¿Creyó que olvidaría su cumpleaños? Como de costumbre detuve mi auto frente a la puerta del camposanto. Allí se encuentra Blanca con su negocio de flores. Deseaba comprar una docena de rosas, mas no me quiso cobrar.
Como tiene  problemas de salud, la seguiré de cerca, se lo prometo.

No había una sola flor en su lápida, María Rosa, mientras las demás parecían jardines. Es que recién festejamos a las madres. Usted tendría ahora 80 años. Murió a los 65 el 15 de mayo de 1990. Éramos vecinos, usted en su rincón de Ecuavisa, yo justo al lado. Nos unió un afecto que ni la vida ni la muerte podrían perturbar. No le queda familiar alguno en esta tierra. Encontraba cada año una rosa roja en su tumba: a lo mejor murió también su amiga de la flor escarlata.

Pensará que estoy loco por eso de hablar en voz alta frente a su nicho sellado, pero no había nadie. Estábamos solos, tú y yo. Discúlpame si me sonrojo... todavía no me acostumbro a tutearte ni sé por qué lo hago. A lo mejor, la muerte acorta la distancia. Vosear a esta altura me parece estirado. Además, tú empezaste. “¡Hola Bernard!... Me alegro que te haya salido bien lo del corazón!” No sé cómo se enteró usted, cómo lo supiste...

Estoy extrañando tu sonrisa de bondad buena (lo digo dos veces porque es rico). Conozco la bondad de muchísima gente a la que amo y respeto, luego aquella mezcla tuya de cortesía, de ternura, esa manera de sonreír con los ojos húmedos, de descontrolarte cada vez que te vi llorar.
Cuando hablabas de Aldo, tu marido, no sabías controlarte.
Nunca saliste de la primavera. Aun cuando tu rostro arrugado como las manzanas del otoño expresaba un envejecimiento físico prematuro, subsistía aquella luz que me tenía enamorado. No creo mucho en los años, María Rosa. La gente malvada, amargada, envejece más rápido.
Eras un cascabel, allí con tu cafecito, tus besos volados, tu guiño de ojo pícaro, criatura, corazón mío.

Creo que en el cementerio me salieron unas lágrimas.

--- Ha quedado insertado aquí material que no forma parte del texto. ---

lemma fsumv_delta: "vector_space s \<Longrightarrow> fsumv s g (delta p) = g p"
  unfolding fsumv_def supp_delta by (simp add: delta_def vector_space_scale_simps)

lemma fsumv_add_map:
  "vector_space s \<Longrightarrow> fsumv s (\<lambda>x. g x + g' x) f = fsumv s g f + fsumv s g' f"
  by (simp add: fsumv_def vector_space_scale_simps sum.distrib)

lemma fsumv_diff_map:
  "vector_space s \<Longrightarrow> fsumv s (\<lambda>x. g x - g' x) f = fsumv s g f - fsumv s g' f"
  by (simp add: fsumv_def vector_space_scale_simps sum_subtractf)

lemma fsumv_scale_map:
  assumes "vector_space s"
  shows "fsumv s (\<lambda>x. s c (g x)) f = s c (fsumv s g f)"
proof -
  interpret V: vector_space s by fact
  show ?thesis by (simp add: fsumv_def V.scale_sum_right mult.commute)
qed

lemma fsumv_zero_map: "vector_space s \<Longrightarrow> fsumv s (\<lambda>x. 0) f = 0"
  by (simp add: fsumv_def vector_space_scale_simps)

lemma klinear_fsumv: "klinear s1 s2 L \<Longrightarrow> L (fsumv s1 g f) = fsumv s2 (\<lambda>x. L (g x)) f"
  unfolding fsumv_def by (simp add: klinear_sum klinearD(2))

lemma fsumv_swap:
  assumes "vector_space s"
  shows "fsumv s (\<lambda>x. fsumv s (G x) f2) f1 = fsumv s (\<lambda>y. fsumv s (\<lambda>x. G x y) f1) f2"
proof -
  interpret V: vector_space s by fact
  show ?thesis unfolding fsumv_def V.scale_sum_right
    by (subst sum.swap) (simp add: mult.commute)
qed

section \<open>Tensor products\<close>

lemma fspan_base: "g \<in> G \<Longrightarrow> g \<in> fspan G"
  using fspan.step[of g G "\<lambda>_. 0" 1] by (simp add: fspan.zero)

lemma fspan_add: "f \<in> fspan G \<Longrightarrow> g \<in> fspan G \<Longrightarrow> (\<lambda>x. f x + g x) \<in> fspan G"
proof (induction f rule: fspan.induct)
  case (step g0 f c)
  then show ?case using fspan.step[of g0 G "\<lambda>x. f x + g x" c] by (simp add: add.assoc)
qed simp

lemma fspan_mult: "f \<in> fspan G \<Longrightarrow> (\<lambda>x. c * f x) \<in> fspan G"
proof (induction f rule: fspan.induct)
  case zero
  then show ?case by (simp add: fspan.zero)
next
  case (step g0 f d)
  then show ?case using fspan.step[of g0 G "\<lambda>x. c * f x" "c * d"] by (simp add: algebra_simps)
qed

lemma fspan_diff: "f \<in> fspan G \<Longrightarrow> g \<in> fspan G \<Longrightarrow> (\<lambda>x. f x - g x) \<in> fspan G"
  using fspan_add[of f G "\<lambda>x. (-1) * g x"] fspan_mult[of g G "-1"] by simp

lemma fspan_sum:
  "finite I \<Longrightarrow> (\<And>i. i \<in> I \<Longrightarrow> f i \<in> fspan G) \<Longrightarrow> (\<lambda>x. \<Sum>i\<in>I. f i x) \<in> fspan G"
proof (induction I rule: finite_induct)
  case empty
  then show ?case by (simp add: fspan.zero)
next
  case (insert i I)
  then show ?case using fspan_add[of "f i" G "\<lambda>x. \<Sum>i\<in>I. f i x"] by simp
qed

lemma fsupp_fspan:
  assumes "\<And>g. g \<in> G \<Longrightarrow> fsupp g"
  shows "f \<in> fspan G \<Longrightarrow> fsupp f"
  by (induction f rule: fspan.induct) (simp_all add: fsupp_add fsupp_mult assms)

lemma fsumv_fspan_eq_0:
  assumes "vector_space s" "\<And>g. g \<in> G \<Longrightarrow> fsupp g \<and> fsumv s h g = 0" "f \<in> fspan G"
  shows "fsumv s h f = 0"
  using assms(3)
proof (induction f rule: fspan.induct)
  case zero
  then show ?case by (simp add: fsumv_zero)
next
  case (step g f c)
  have "fsupp f" using fsupp_fspan[OF _ step(2)] assms(2) by blast
  then show ?case using step assms(2)[of g]
    by (simp add: fsumv_add[OF assms(1)] fsupp_mult fsumv_scale[OF assms(1)]
        vector_space_scale_simps[OF assms(1)])
qed

lemma teq2_fsumv_eq:
  assumes vs: "vector_space s" and B: "kbilinear sV sW s B"
    and F: "fsupp F" and G: "fsupp G" and eq: "teq2 sV sW F G"
  shows "fsumv s (case_prod B) F = fsumv s (case_prod B) G"
proof -
  have "fsumv s (case_prod B) (\<lambda>p. F p - G p) = 0"
  proof (rule fsumv_fspan_eq_0[OF vs _ eq[unfolded teq2_def]])
    fix g assume "g \<in> rel2 sV sW"
    then show "fsupp g \<and> fsumv s (case_prod B) g = 0"
      unfolding rel2_def
      by (auto simp: fsumv_diff[OF vs] fsupp_diff fsumv_delta[OF vs] fsumv_scale[OF vs] fsupp_mult
          kbilinearD[OF B])
  qed
  then show ?thesis using fsumv_diff[OF vs F G] by simp
qed
(* Let $(X,\mathrm{dist})$ be a metric space and $\Sigma$ a compact metric space. Let $T(h):\Sigma\to\Sigma$, $h\ge0$, be a semigroup with $T(h)\Sigma=\Sigma$ for all $h\ge0$, and let $\{U_\sigma(t,\tau)\}_{\sigma\in\Sigma}$ be a family of processes on $X$ satisfying the translation property $U_\sigma(h+t,h+\tau)=U_{T(h)\sigma}(t,\tau)$ for all $\sigma\in\Sigma$, $h\ge0$, $t\ge\tau$. Assume the family is uniformly asymptotically compact, and let $A_\Sigma$ be its uniform global attractor. Let $S(h)(x,\sigma)=(U_\sigma(h,0)x,T(h)\sigma)$, $h\ge0$, be the skew-product semigroup on $\boldsymbol{X}=X\times\Sigma$. Then $S(h)$ has a (unique) global attractor $\boldsymbol{A}$, and $\Pi_1\boldsymbol{A}=A_\Sigma$, $\Pi_2\boldsymbol{A}=\Sigma$, where $\Pi_1,\Pi_2$ are the canonical projections of $\boldsymbol{X}$ onto $X$ and $\Sigma$.
   Context: A process on $X$ is a family of maps $U(t,\tau):X\to X$, indexed by reals $t\ge\tau$, with $U(\tau,\tau)=\mathrm{id}_X$ and $U(t,\tau)=U(t,s)U(s,\tau)$ for $t\ge s\ge\tau$; no continuity is assumed. For nonempty subsets $B,C$ of a metric space $Y$, $\delta_Y(B,C)=\sup_{x\in B}\inf_{\xi\in C}\mathrm{dist}_Y(x,\xi)$. A set $K\subset X$ is uniformly attracting for the family if for every bounded $C\subset X$, $\lim_{t-\tau\to\infty}\sup_{\sigma\in\Sigma}\delta_X(U_\sigma(t,\tau)C,K)=0$. The family is uniformly asymptotically compact if there exists a compact uniformly attracting set; its uniform global attractor $A_\Sigma$ is the compact uniformly attracting set contained in every compact uniformly attracting set (it exists under uniform asymptotic compactness). $\boldsymbol{X}=X\times\Sigma$ carries the product metric. For a semigroup $V(h)$, $h\ge0$, on a metric space $Y$ (no continuity assumed), a set $K\subset Y$ is attracting if $\lim_{h\to\infty}\delta_Y(V(h)C,K)=0$ for every bounded $C\subset Y$; the global attractor of $V(h)$ is the smallest compact attracting set (i.e. a compact attracting set contained in every compact attracting set). *)

theory Defs
  imports "HOL-Analysis.Analysis"
begin

text \<open>Hausdorff semidistance delta(B,C) = sup over x in B of inf over xi in C of dist x xi,
  taken in the extended reals so that inf over the empty set is +infinity and
  unbounded suprema are +infinity.\<close>
definition hsemidist :: "'a::metric_space set \<Rightarrow> 'a set \<Rightarrow> ereal" where
  "hsemidist B C = (SUP x\<in>B. INF \<xi>\<in>C. ereal (dist x \<xi>))"

definition is_process :: "(real \<Rightarrow> real \<Rightarrow> 'a \<Rightarrow> 'a) \<Rightarrow> bool" where
  "is_process U \<longleftrightarrow> (\<forall>\<tau>. U \<tau> \<tau> = id) \<and>
     (\<forall>t s \<tau>. \<tau> \<le> s \<and> s \<le> t \<longrightarrow> U t \<tau> = U t s \<circ> U s \<tau>)"

definition is_semigroup_on :: "'b set \<Rightarrow> (real \<Rightarrow> 'b \<Rightarrow> 'b) \<Rightarrow> bool" where
  "is_semigroup_on Sig T \<longleftrightarrow> (\<forall>h\<ge>0. T h ` Sig \<subseteq> Sig) \<and> (\<forall>\<sigma>\<in>Sig. T 0 \<sigma> = \<sigma>) \<and>
     (\<forall>h\<ge>0. \<forall>k\<ge>0. \<forall>\<sigma>\<in>Sig. T (h + k) \<sigma> = T h (T k \<sigma>))"

definition unif_attracting ::
  "'b set \<Rightarrow> ('b \<Rightarrow> real \<Rightarrow> real \<Rightarrow> 'a::metric_space \<Rightarrow> 'a) \<Rightarrow> 'a set \<Rightarrow> bool" where
  "unif_attracting Sig U K \<longleftrightarrow>
     (\<forall>C. bounded C \<and> C \<noteq> {} \<longrightarrow>
        (\<forall>e>0. \<exists>L. \<forall>t \<tau>. \<tau> \<le> t \<and> L \<le> t - \<tau> \<longrightarrow>
           \<bar>(SUP \<sigma>\<in>Sig. hsemidist (U \<sigma> t \<tau> ` C) K)\<bar> < ereal e))"

definition unif_asymp_compact ::
  "'b set \<Rightarrow> ('b \<Rightarrow> real \<Rightarrow> real \<Rightarrow> 'a::metric_space \<Rightarrow> 'a) \<Rightarrow> bool" where
  "unif_asymp_compact Sig U \<longleftrightarrow> (\<exists>K. compact K \<and> unif_attracting Sig U K)"

definition unif_global_attractor ::
  "'b set \<Rightarrow> ('b \<Rightarrow> real \<Rightarrow> real \<Rightarrow> 'a::metric_space \<Rightarrow> 'a) \<Rightarrow> 'a set \<Rightarrow> bool" where
  "unif_global_attractor Sig U A \<longleftrightarrow> compact A \<and> unif_attracting Sig U A \<and>
     (\<forall>K. compact K \<and> unif_attracting Sig U K \<longrightarrow> A \<subseteq> K)"

definition sg_attracting :: "'c::metric_space set \<Rightarrow> (real \<Rightarrow> 'c \<Rightarrow> 'c) \<Rightarrow> 'c set \<Rightarrow> bool" where
  "sg_attracting Y V K \<longleftrightarrow>
     (\<forall>C. C \<subseteq> Y \<and> bounded C \<and> C \<noteq> {} \<longrightarrow>
        (\<forall>e>0. \<exists>L. \<forall>h. h \<ge> 0 \<and> L \<le> h \<longrightarrow> \<bar>hsemidist (V h ` C) K\<bar> < ereal e))"

definition sg_global_attractor :: "'c::metric_space set \<Rightarrow> (real \<Rightarrow> 'c \<Rightarrow> 'c) \<Rightarrow> 'c set \<Rightarrow> bool" where
  "sg_global_attractor Y V A \<longleftrightarrow> A \<subseteq> Y \<and> compact A \<and> sg_attracting Y V A \<and>
     (\<forall>K. K \<subseteq> Y \<and> compact K \<and> sg_attracting Y V K \<longrightarrow> A \<subseteq> K)"

definition skew_product ::
  "('b \<Rightarrow> real \<Rightarrow> real \<Rightarrow> 'a \<Rightarrow> 'a) \<Rightarrow> (real \<Rightarrow> 'b \<Rightarrow> 'b) \<Rightarrow> real \<Rightarrow> 'a \<times> 'b \<Rightarrow> 'a \<times> 'b" where
  "skew_product U T h = (\<lambda>(x, \<sigma>). (U \<sigma> h 0 x, T h \<sigma>))"

end

theory Submission
  imports Defs
begin

(* The product A \<times> Sig is a compact attracting set of the skew-product
   semigroup S(h): U_\<sigma>(h,0) carries bounded sets uniformly close to A, and T(h) maps Sig into
   itself.  A semigroup with a compact attracting set K has a global attractor even without any
   continuity: the closure of the union of the omega-limit sets of bounded sets, since by
   sequential compactness of K the omega-limit set of C already attracts C.
   Let AA be a global attractor; then AA \<subseteq> A \<times> Sig.  By the translation identity and
   surjectivity of T(h), every U_\<sigma>(t,\<tau>) equals some U_\<sigma>'(t-\<tau>,0), so attraction of C \<times> Sig
   under S makes the compact set fst ` AA uniformly attracting, whence A \<subseteq> fst ` AA.  Writing
   \<sigma> = T(h) \<sigma>' for large h shows that snd ` AA is dense in Sig, and it is compact. *)

lemma convergent_subseq_near_compact:
  fixes y :: "nat \<Rightarrow> 'a::metric_space"
  assumes "compact K" and near: "\<And>n. \<exists>\<xi>\<in>K. dist (y n) \<xi> < inverse (Suc n)"
  obtains l r where "l \<in> K" "strict_mono r" "(y \<circ> r) \<longlonglongrightarrow> l"
proof -
  obtain x where x: "\<And>n. x n \<in> K" "\<And>n. dist (y n) (x n) < inverse (Suc n)"
    using near by metis
  obtain l r where "l \<in> K" "strict_mono r" and lim: "(x \<circ> r) \<longlonglongrightarrow> l"
    using compact_imp_seq_compact[OF \<open>compact K\<close>] x(1) by (metis seq_compactE)
  have "(y \<circ> r) \<longlonglongrightarrow> l"
  proof (rule tendstoI)
    fix e :: real assume "e > 0"
    have "(\<lambda>n. inverse (real (Suc (r n)))) \<longlonglongrightarrow> 0"
      using LIMSEQ_subseq_LIMSEQ[OF LIMSEQ_inverse_real_of_nat \<open>strict_mono r\<close>]
      by (simp add: comp_def)
    then have "\<forall>\<^sub>F n in sequentially. inverse (real (Suc (r n))) < e / 2"
      using \<open>e > 0\<close> by (intro order_tendstoD(2)) auto
    moreover have "\<forall>\<^sub>F n in sequentially. dist (x (r n)) l < e / 2"
      using tendstoD[OF lim, of "e / 2"] \<open>e > 0\<close> by (simp add: comp_def)
    ultimately show "\<forall>\<^sub>F n in sequentially. dist ((y \<circ> r) n) l < e"
    proof eventually_elim
      case (elim n)
      then show ?case
        using x(2)[of "r n"] dist_triangle[of "y (r n)" l "x (r n)"] by simp
    qed
  qed
  with \<open>l \<in> K\<close> \<open>strict_mono r\<close> show ?thesis
    using that by blast
qed

lemma abs_hsemidist_lessD:
  assumes "\<bar>hsemidist B K\<bar> < ereal e" "b \<in> B"
  shows "\<exists>\<xi>\<in>K. dist b \<xi> < e"
proof -
  have "(INF \<xi>\<in>K. ereal (dist b \<xi>)) \<le> hsemidist B K"
    unfolding hsemidist_def using \<open>b \<in> B\<close> by (rule SUP_upper)
  also have "\<dots> \<le> \<bar>hsemidist B K\<bar>"
    by (cases "hsemidist B K") auto
  finally have "(INF \<xi>\<in>K. ereal (dist b \<xi>)) < ereal e"
    using assms(1) by (rule order.strict_trans1)
  then show ?thesis
    by (simp add: INF_less_iff)
qed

Será por eso de hablar solo, como si estuviera medio tocadito.
Pero allí también empezaste tú; salían de tus ojos aquellas gotas de ternura, entonces no logré controlarme. En varias oportunidades compartimos penas, duelos. Al final ya no jalabas... no te daban las piernas. Te agachabas, dizque para agarrar una olla debajo del mesón,  desde mi piano te pescaba sobándote el costado. De sopetón reaparecías con una magia de sol a sol, como si nada. Luego me mostraste la peluca que compraste por eso de la quimioterapia, con aquella coquetería que nunca se dejó vencer, alma mía, sonrisa de hada extraviada en medio de objetos familiares, dulces, pan de pascua, gentileza al granel.

No esperaré tu aniversario para visitarte de nuevo. Lo hago por capricho, de repente. Siempre me estás esperando, nunca pude sorprenderte. Tuviste la bondad de no irte del todo. En ti quedó la vida que yo amé, mucho más allá de la muerte.